By Donald Rosenberg, Gramophone
Sandbox Percussion, an ensemble based in New York, have been expanding the repertoire for their vast array of instruments since 2011. The four works on their debut album, ‘And That One Too’, reveal both the refined virtuosity the musicians have cultivated and their exceptional taste in choosing composers who write for percussion with vibrant and elegant imagination.
Each of the pieces proclaims, in all sorts of subtle ways, how colourful and varied the music shaped for percussion instruments can be.
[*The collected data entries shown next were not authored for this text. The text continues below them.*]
lemma integral_inner_mp_inverse:
  "integrable \<mu> (\<lambda>y. y \<bullet> (mp_inverse S *v y))" "(\<integral>y. y \<bullet> (mp_inverse S *v y) \<partial>\<mu>) = dim W"
proof -
  have "trace (orth_proj W) = dim W"
    using subspace_W W_W.oblique_proj_in W_W.oblique_proj_fixes by (rule trace_eq_dim)
  then show "integrable \<mu> (\<lambda>y. y \<bullet> (mp_inverse S *v y))"
    "(\<integral>y. y \<bullet> (mp_inverse S *v y) \<partial>\<mu>) = dim W"
    using integral_inner_matrix_vector[OF measurable_id measurable_id integrable_norm2
        integrable_norm2, of "mp_inverse S"] by (simp_all add: frame_operator_def[symmetric] mp_inverse_S)
qed

lemma deviation_expand:
  assumes "y \<in> W"
  shows "(t - canonical_dual *v y) \<bullet> (S *v (t - canonical_dual *v y))
    = t \<bullet> (S *v t) - 2 * (t \<bullet> y) + y \<bullet> (mp_inverse S *v y)"
proof -
  let ?b = "mp_inverse S *v y"
  let ?k = "oblique_proj V (W\<^sup>\<bottom>) *v ?b"
  have "S *v ?k = S *v ?b"
    using S_orthogonal_comp[OF V_W.oblique_proj_diff_in[of ?b]]
    by (simp add: matrix_vector_mult_diff_distrib)
  also have "\<dots> = y"
    using W_W.oblique_proj_fixes[OF assms] by (simp add: matrix_vector_mul_assoc mp_inverse_S)
  finally have Sk: "S *v ?k = y" .
  have "y \<bullet> (?b - ?k) = 0"
    using V_W.oblique_proj_diff_in[of ?b] assms by (simp add: orthogonal_comp_def orthogonal_def)
  then have "?k \<bullet> (S *v ?k) = y \<bullet> ?b"
    by (simp add: Sk inner_diff_right inner_commute)
  moreover have "?k \<bullet> (S *v t) = t \<bullet> y"
    using S_inner_commute[of ?k t] by (simp add: Sk)
  moreover have "canonical_dual *v y = ?k"
    by (simp add: matrix_vector_mul_assoc)
  ultimately show ?thesis
    using S_inner_commute[of t ?k]
    by (simp add: Sk matrix_vector_mult_diff_distrib inner_diff_left inner_diff_right)
qed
There is rarely a moment when bombast intrudes upon the dreamy, glistening and propulsive narratives. Andy Akiho’s Haiku 2, for example, radiantly transfers the structure of the Japanese poetic form to the gleaming sonorities of bells, wood blocks and other instruments pitched and unpitched.
The four movements of David Crowell’s Music for Percussion Quartet range from energetic flourishes and layered rhythms to sustain halos of sound. Patterns change organically as the instruments – including guitar, played by the composer – interact with seamless animation or stillness. The composer Amy Beth Kirsten is also present as vocalist (on three tracks) in the effervescent she is a myth, repeating bits of text in quick succession amid the delicate rustlings and tappings of the percussion.
The disc draws its title from Thomas Kotcheff’s not only that one but that one & that too, whose three movements give Sandbox members Jonathan Allen, Victor Caccese, Ian Rosenbaum and Terry Sweeney many opportunities to connect on a multiplicity of instruments while evoking haunting and ritualistic soundscapes. Silence is as crucial in Kotcheff’s creation as are hushed gestures, ominous rumblings and bold action. Playing in this Sandbox must be bliss for these sophisticated artists.